### BRIEF
Repeat the stretch of entries below from the line with "((nat \<Rightarrow> real)" through the line with "(\<forall>x\<in>vecs n. N". Include both ends and add nothing.

**** TASK INPUT ****

(* There exist a sub-Finsler free-Carnot group $\mathbb G=\mathbb R^n\times\bigwedge^2(\mathbb R^n)$ of step 2, equipped with an adequate scalar product (induced distance $d_{\mathrm{eu}}$, unit sphere $\mathbb S_{\mathrm{eu}}$ centered at $0_{\mathbb G}$), and numbers $C,\delta_0>0$ such that for every $0<\delta\le\delta_0$ there exists $g_\delta\in\mathbb S_{\mathrm{eu}}\setminus A_\delta$ with the property that for every $\varepsilon>0$ there exists $h_{\varepsilon,\delta}\in\mathbb S_{\mathrm{eu}}$ with $0<d_{\mathrm{eu}}(g_\delta,h_{\varepsilon,\delta})\le\varepsilon$ and $$d_{\mathrm{cc}}(0_{\mathbb G},h_{\varepsilon,\delta})\ge d_{\mathrm{cc}}(0_{\mathbb G},g_\delta)+\frac C\delta\,d_{\mathrm{eu}}(g_\delta,h_{\varepsilon,\delta}).$$
   Context: Group law: $(x_1,Y_1)*(x_2,Y_2)=(x_1+x_2,Y_1+Y_2+\tfrac12x_1\wedge x_2)$, $v\wedge w=v\otimes w-w\otimes v$. A sub-Finsler structure is a norm on $\mathbb R^n$ extended left-invariantly; horizontal curves from $0_{\mathbb G}$: $\gamma_u(t)=\int_0^tu+\tfrac12\int_0^t(\int_0^su)\wedge u(s)\,ds$, $u\in L^1([0,1],\mathbb R^n)$, length $\int_0^1\lVert u\rVert_{\mathrm{sf}}$; $d_{\mathrm{cc}}$ = infimum of lengths of horizontal curves joining two points. Adequate scalar product: $\mathbb R^n\perp\bigwedge^2(\mathbb R^n)$ and $\langle v_1\wedge w_1,v_2\wedge w_2\rangle=\langle v_1,v_2\rangle\langle w_1,w_2\rangle-\langle v_1,w_2\rangle\langle w_1,v_2\rangle$. $A_\delta=\{p\in\mathbb S_{\mathrm{eu}}:d_{\mathrm{eu}}(p,\mathrm{Abn}(\mathbb G))\le\delta\}$ with $\mathrm{Abn}(\mathbb G)=\bigcup\{\mathcal P\times\bigwedge^2(\mathcal P):\mathcal P\text{ an }(n-2)\text{-dimensional subspace of }\mathbb R^n\}$. *)

theory Defs
  imports "HOL-Analysis.Analysis"
begin

text \<open>Model: R^n is represented by functions nat => real supported in {..<n};
  the second layer wedge^2(R^n) by antisymmetric matrices nat => nat => real
  supported in {..<n} x {..<n}, via v wedge w = v (x) w - w (x) v.\<close>

definition vecs :: "nat \<Rightarrow> (nat \<Rightarrow> real) set" where
  "vecs n = {x. \<forall>i\<ge>n. x i = 0}"

definition bivecs :: "nat \<Rightarrow> (nat \<Rightarrow> nat \<Rightarrow> real) set" where
  "bivecs n = {Y. (\<forall>i j. Y i j = - Y j i) \<and> (\<forall>i j. n \<le> i \<or> n \<le> j \<longrightarrow> Y i j = 0)}"

definition wedge :: "(nat \<Rightarrow> real) \<Rightarrow> (nat \<Rightarrow> real) \<Rightarrow> (nat \<Rightarrow> nat \<Rightarrow> real)" where
  "wedge v w = (\<lambda>i j. v i * w j - w i * v j)"

type_synonym gpt = "(nat \<Rightarrow> real) \<times> (nat \<Rightarrow> nat \<Rightarrow> real)"

definition Gcarrier :: "nat \<Rightarrow> gpt set" where
  "Gcarrier n = vecs n \<times> bivecs n"

definition zeroG :: gpt where
  "zeroG = ((\<lambda>_. 0), (\<lambda>_ _. 0))"

definition innerM :: "nat \<Rightarrow> (nat \<Rightarrow> nat \<Rightarrow> real) \<Rightarrow> (nat \<Rightarrow> real) \<Rightarrow> (nat \<Rightarrow> real) \<Rightarrow> real" where
  "innerM n M x y = (\<Sum>i<n. \<Sum>j<n. M i j * x i * y j)"

definition is_scalar_product :: "nat \<Rightarrow> (nat \<Rightarrow> nat \<Rightarrow> real) \<Rightarrow> bool" where
  "is_scalar_product n M \<longleftrightarrow> (\<forall>i j. M i j = M j i) \<and>
     (\<forall>x\<in>vecs n. x \<noteq> (\<lambda>_. 0) \<longrightarrow> innerM n M x x > 0)"

text \<open>The induced scalar product on wedge^2(R^n): the bilinear extension of
  <v1 wedge w1, v2 wedge w2> = <v1,v2><w1,w2> - <v1,w2><w1,v2>
  (in the matrix model this is half the M-Frobenius product).\<close>
definition innerBiv :: "nat \<Rightarrow> (nat \<Rightarrow> nat \<Rightarrow> real) \<Rightarrow> (nat \<Rightarrow> nat \<Rightarrow> real) \<Rightarrow> (nat \<Rightarrow> nat \<Rightarrow> real) \<Rightarrow> real" where
  "innerBiv n M A B = (1/2) * (\<Sum>i<n. \<Sum>j<n. \<Sum>k<n. \<Sum>l<n. A i j * M i k * M j l * B k l)"

definition innerG :: "nat \<Rightarrow> (nat \<Rightarrow> nat \<Rightarrow> real) \<Rightarrow> gpt \<Rightarrow> gpt \<Rightarrow> real" where
  "innerG n M p q = innerM n M (fst p) (fst q) + innerBiv n M (snd p) (snd q)"

definition d_eu :: "nat \<Rightarrow> (nat \<Rightarrow> nat \<Rightarrow> real) \<Rightarrow> gpt \<Rightarrow> gpt \<Rightarrow> real" where
  "d_eu n M p q = (let r = ((\<lambda>i. fst p i - fst q i), (\<lambda>i j. snd p i j - snd q i j))
                   in sqrt (innerG n M r r))"

definition S_eu :: "nat \<Rightarrow> (nat \<Rightarrow> nat \<Rightarrow> real) \<Rightarrow> gpt set" where
  "S_eu n M = {p \<in> Gcarrier n. d_eu n M zeroG p = 1}"

definition is_sf_norm :: "nat \<Rightarrow> ((nat \<Rightarrow> real) \<Rightarrow> real) \<Rightarrow> bool" where
  "is_sf_norm n N \<longleftrightarrow>
     (\<forall>x\<in>vecs n. 0 \<le> N x) \<and>
     (\<forall>x\<in>vecs n. N x = 0 \<longleftrightarrow> x = (\<lambda>_. 0)) \<and>
     (\<forall>c. \<forall>x\<in>vecs n. N (\<lambda>i. c * x i) = \<bar>c\<bar> * N x) \<and>
     (\<forall>x\<in>vecs n. \<forall>y\<in>vecs n. N (\<lambda>i. x i + y i) \<le> N x + N y)"

definition control :: "nat \<Rightarrow> (real \<Rightarrow> nat \<Rightarrow> real) \<Rightarrow> bool" where
  "control n u \<longleftrightarrow> (\<forall>t. u t \<in> vecs n) \<and>
     (\<forall>i<n. (\<lambda>t. u t i) absolutely_integrable_on {0..1})"

definition gamma :: "(real \<Rightarrow> nat \<Rightarrow> real) \<Rightarrow> real \<Rightarrow> gpt" where
  "gamma u t = ((\<lambda>i. integral {0..t} (\<lambda>s. u s i)),
                (\<lambda>i j. (1/2) * integral {0..t}
                    (\<lambda>s. wedge (\<lambda>k. integral {0..s} (\<lambda>r. u r k)) (u s) i j)))"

****

### YOUR RESPONSE
definition is_sf_norm :: "nat \<Rightarrow> ((nat \<Rightarrow> real) \<Rightarrow> real) \<Rightarrow> bool" where
  "is_sf_norm n N \<longleftrightarrow>
     (\<forall>x\<in>vecs n. 0 \<le> N x) \<and>
     (\<forall>x\<in>vecs n. N x = 0 \<longleftrightarrow> x = (\<lambda>_. 0)) \<and>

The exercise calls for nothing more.